Dataset entries:
--

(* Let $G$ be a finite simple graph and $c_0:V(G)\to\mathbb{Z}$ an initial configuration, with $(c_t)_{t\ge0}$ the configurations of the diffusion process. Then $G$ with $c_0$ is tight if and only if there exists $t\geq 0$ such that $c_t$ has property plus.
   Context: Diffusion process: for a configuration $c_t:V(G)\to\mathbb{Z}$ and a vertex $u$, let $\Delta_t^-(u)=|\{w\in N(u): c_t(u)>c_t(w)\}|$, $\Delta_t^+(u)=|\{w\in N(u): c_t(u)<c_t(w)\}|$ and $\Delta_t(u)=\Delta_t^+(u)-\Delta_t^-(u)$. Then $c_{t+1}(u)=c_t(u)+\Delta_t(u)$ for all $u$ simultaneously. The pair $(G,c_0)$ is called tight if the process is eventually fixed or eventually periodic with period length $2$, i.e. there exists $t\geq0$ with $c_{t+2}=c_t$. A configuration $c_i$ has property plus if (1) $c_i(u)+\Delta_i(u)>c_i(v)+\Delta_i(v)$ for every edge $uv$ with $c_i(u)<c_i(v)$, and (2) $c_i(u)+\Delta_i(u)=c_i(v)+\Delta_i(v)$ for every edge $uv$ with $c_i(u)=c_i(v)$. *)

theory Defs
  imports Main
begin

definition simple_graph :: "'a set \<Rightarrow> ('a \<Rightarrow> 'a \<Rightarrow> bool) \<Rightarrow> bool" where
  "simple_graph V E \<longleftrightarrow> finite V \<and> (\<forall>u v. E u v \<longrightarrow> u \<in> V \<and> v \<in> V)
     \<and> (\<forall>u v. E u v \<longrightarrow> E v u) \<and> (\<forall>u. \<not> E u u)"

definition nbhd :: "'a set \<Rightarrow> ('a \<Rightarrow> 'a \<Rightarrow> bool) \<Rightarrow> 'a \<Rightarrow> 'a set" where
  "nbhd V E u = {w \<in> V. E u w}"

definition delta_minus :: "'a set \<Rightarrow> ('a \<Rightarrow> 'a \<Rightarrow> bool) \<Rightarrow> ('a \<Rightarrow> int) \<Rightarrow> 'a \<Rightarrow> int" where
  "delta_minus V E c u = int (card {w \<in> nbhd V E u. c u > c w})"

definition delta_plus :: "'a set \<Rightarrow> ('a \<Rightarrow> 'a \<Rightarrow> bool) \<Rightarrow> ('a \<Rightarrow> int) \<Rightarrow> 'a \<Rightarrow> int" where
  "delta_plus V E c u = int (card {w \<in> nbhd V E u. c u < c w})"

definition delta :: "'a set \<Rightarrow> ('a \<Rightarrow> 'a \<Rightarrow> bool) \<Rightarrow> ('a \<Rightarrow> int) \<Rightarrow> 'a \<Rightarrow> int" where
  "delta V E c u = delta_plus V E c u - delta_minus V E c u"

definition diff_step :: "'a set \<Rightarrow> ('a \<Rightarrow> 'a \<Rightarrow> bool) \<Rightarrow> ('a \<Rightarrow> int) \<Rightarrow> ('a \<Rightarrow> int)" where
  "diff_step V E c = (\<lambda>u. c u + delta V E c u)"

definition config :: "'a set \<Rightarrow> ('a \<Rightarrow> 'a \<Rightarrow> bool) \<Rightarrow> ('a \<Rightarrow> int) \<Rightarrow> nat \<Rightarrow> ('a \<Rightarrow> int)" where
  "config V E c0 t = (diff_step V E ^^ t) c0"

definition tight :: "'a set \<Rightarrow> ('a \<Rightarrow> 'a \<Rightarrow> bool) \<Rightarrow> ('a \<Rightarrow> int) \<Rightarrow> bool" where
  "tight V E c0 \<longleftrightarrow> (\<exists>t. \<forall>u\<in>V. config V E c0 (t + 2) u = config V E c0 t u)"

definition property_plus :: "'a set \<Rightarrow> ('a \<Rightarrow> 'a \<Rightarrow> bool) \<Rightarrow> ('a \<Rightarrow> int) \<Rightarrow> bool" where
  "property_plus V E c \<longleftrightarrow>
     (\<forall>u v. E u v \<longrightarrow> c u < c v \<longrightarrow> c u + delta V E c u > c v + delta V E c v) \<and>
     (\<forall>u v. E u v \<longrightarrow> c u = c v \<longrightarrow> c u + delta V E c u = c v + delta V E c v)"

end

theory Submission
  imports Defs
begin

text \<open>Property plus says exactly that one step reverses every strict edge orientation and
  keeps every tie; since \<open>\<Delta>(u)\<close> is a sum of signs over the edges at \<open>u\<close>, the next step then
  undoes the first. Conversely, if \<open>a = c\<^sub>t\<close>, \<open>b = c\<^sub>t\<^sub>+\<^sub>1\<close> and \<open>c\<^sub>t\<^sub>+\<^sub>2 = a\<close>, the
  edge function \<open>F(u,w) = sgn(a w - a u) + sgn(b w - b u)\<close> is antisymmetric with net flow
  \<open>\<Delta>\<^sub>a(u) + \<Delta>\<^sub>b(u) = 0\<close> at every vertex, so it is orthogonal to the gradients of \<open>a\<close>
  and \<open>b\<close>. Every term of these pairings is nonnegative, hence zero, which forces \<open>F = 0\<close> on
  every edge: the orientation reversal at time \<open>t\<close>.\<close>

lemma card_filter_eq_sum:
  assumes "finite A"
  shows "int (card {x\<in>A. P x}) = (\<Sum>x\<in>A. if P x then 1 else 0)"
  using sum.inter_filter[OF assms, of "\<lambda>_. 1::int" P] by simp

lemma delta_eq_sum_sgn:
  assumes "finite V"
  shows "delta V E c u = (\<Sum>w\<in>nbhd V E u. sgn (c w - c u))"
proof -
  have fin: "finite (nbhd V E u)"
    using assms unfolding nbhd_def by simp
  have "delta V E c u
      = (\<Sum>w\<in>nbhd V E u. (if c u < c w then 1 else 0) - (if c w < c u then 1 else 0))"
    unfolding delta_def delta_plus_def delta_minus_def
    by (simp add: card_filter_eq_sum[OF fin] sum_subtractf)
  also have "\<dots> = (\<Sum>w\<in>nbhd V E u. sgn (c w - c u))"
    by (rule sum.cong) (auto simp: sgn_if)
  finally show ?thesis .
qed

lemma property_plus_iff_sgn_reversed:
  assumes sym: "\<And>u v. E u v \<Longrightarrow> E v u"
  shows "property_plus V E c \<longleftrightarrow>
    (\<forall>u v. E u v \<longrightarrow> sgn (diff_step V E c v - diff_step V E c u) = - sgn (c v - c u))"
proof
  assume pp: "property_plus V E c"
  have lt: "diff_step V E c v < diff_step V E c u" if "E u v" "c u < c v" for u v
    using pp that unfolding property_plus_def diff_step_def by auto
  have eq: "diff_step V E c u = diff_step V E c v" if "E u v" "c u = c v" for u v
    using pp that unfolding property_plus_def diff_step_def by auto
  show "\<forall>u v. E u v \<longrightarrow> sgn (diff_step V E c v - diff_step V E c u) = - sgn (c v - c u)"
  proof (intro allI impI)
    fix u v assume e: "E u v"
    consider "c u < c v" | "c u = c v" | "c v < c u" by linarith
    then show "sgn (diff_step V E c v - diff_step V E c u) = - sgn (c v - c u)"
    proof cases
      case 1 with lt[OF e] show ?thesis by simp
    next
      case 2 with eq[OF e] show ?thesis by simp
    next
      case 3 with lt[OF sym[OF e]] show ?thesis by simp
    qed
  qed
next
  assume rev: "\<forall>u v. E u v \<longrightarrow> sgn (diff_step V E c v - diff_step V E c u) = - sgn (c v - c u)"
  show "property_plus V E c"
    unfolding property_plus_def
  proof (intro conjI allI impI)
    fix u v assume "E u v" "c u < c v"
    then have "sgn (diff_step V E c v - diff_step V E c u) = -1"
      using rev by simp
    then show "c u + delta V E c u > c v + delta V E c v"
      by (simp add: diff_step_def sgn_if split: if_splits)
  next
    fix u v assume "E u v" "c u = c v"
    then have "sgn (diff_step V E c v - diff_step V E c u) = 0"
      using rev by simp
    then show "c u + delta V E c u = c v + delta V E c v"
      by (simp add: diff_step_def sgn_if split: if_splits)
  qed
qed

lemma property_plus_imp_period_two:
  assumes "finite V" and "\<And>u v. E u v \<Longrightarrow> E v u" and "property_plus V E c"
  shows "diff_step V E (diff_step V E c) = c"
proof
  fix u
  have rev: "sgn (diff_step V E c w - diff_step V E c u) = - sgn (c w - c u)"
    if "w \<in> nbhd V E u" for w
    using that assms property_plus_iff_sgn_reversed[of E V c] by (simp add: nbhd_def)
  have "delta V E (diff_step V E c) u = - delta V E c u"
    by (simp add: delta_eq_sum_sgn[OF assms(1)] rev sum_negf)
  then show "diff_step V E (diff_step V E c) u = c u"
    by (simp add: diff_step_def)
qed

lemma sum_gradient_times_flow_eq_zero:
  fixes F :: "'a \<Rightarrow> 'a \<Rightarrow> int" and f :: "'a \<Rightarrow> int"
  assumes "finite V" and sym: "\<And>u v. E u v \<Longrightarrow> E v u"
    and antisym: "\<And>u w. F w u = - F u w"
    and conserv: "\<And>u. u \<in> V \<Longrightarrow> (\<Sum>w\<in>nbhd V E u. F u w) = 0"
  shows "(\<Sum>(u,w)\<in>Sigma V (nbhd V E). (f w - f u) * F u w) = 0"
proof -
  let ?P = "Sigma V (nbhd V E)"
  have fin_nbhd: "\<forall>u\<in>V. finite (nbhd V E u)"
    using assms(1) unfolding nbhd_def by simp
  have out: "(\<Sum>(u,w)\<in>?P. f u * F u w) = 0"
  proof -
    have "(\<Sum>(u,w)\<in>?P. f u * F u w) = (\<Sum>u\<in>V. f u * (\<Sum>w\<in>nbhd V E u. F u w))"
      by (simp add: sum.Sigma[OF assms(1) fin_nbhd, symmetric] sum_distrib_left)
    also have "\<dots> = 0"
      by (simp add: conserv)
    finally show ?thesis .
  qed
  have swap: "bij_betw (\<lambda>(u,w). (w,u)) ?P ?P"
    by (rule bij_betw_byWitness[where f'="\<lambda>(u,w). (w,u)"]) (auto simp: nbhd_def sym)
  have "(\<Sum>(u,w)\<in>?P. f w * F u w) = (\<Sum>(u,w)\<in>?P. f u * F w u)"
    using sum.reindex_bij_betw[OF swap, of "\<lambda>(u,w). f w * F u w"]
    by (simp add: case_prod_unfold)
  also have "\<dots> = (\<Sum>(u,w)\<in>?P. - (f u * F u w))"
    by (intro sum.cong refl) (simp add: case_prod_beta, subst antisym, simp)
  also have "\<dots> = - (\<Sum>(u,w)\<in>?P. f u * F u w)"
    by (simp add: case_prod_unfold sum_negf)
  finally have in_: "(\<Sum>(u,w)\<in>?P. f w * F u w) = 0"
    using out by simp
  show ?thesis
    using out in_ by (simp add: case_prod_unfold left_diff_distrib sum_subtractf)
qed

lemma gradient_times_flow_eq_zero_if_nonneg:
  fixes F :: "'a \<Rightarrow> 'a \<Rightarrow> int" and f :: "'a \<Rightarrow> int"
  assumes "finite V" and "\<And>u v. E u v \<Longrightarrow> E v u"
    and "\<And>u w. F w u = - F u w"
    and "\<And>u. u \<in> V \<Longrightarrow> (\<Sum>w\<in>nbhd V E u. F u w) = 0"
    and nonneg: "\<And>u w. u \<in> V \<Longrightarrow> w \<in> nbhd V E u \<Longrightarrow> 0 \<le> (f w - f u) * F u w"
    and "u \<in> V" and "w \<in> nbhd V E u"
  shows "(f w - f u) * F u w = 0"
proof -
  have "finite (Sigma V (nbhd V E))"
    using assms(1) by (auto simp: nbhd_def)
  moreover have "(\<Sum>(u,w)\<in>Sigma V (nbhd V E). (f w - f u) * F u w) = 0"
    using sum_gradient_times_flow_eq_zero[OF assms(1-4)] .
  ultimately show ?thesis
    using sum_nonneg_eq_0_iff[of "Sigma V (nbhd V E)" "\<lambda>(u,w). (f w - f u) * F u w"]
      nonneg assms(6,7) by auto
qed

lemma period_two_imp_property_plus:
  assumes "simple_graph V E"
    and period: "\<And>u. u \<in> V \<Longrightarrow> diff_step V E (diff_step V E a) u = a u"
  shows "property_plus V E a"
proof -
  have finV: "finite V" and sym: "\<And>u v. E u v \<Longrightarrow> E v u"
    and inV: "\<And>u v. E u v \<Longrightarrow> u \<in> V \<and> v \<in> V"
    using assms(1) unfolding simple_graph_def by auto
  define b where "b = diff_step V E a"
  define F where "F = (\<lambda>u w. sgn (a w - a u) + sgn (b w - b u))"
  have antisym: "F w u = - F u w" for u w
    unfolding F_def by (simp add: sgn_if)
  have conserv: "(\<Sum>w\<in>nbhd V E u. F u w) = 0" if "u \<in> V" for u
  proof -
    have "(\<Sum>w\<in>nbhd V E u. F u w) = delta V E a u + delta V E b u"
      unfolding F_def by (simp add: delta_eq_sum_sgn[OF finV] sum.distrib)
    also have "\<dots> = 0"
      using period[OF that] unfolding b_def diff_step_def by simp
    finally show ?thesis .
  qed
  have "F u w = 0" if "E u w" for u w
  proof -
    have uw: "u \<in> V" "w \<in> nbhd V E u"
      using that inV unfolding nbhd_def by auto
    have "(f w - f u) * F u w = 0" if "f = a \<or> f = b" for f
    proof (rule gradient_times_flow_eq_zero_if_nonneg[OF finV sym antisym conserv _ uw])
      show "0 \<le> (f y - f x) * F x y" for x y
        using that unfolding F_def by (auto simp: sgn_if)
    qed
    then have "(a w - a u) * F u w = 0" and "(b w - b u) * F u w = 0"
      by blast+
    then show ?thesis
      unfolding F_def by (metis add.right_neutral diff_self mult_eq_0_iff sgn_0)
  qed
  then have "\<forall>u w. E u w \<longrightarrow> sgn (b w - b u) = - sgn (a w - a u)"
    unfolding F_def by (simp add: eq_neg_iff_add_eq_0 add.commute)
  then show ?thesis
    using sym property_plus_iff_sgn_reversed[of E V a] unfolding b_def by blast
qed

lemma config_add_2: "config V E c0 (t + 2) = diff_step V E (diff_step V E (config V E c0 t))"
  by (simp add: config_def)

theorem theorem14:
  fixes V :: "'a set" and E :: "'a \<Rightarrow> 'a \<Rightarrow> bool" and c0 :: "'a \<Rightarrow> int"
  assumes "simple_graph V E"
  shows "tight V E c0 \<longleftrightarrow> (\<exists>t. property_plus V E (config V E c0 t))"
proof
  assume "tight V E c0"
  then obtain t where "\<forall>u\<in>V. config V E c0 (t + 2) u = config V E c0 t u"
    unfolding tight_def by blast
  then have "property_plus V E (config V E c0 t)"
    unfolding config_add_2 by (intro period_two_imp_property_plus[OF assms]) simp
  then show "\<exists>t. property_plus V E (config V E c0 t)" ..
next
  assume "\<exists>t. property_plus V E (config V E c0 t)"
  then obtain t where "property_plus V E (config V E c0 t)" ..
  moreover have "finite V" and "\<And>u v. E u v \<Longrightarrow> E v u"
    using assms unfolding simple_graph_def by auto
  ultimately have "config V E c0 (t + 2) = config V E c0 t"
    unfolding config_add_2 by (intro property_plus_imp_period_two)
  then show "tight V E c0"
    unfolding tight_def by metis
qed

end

--

**Directions for this task:** Could you reproduce exactly the lines of the entries above, from the one with "V \<and> v \<in> V)" through the one with "V E u. c u <", and nothing else?

**Exercise output:**
  "simple_graph V E \<longleftrightarrow> finite V \<and> (\<forall>u v. E u v \<longrightarrow> u \<in> V \<and> v \<in> V)
     \<and> (\<forall>u v. E u v \<longrightarrow> E v u) \<and> (\<forall>u. \<not> E u u)"

definition nbhd :: "'a set \<Rightarrow> ('a \<Rightarrow> 'a \<Rightarrow> bool) \<Rightarrow> 'a \<Rightarrow> 'a set" where
  "nbhd V E u = {w \<in> V. E u w}"

definition delta_minus :: "'a set \<Rightarrow> ('a \<Rightarrow> 'a \<Rightarrow> bool) \<Rightarrow> ('a \<Rightarrow> int) \<Rightarrow> 'a \<Rightarrow> int" where
  "delta_minus V E c u = int (card {w \<in> nbhd V E u. c u > c w})"

definition delta_plus :: "'a set \<Rightarrow> ('a \<Rightarrow> 'a \<Rightarrow> bool) \<Rightarrow> ('a \<Rightarrow> int) \<Rightarrow> 'a \<Rightarrow> int" where
  "delta_plus V E c u = int (card {w \<in> nbhd V E u. c u < c w})"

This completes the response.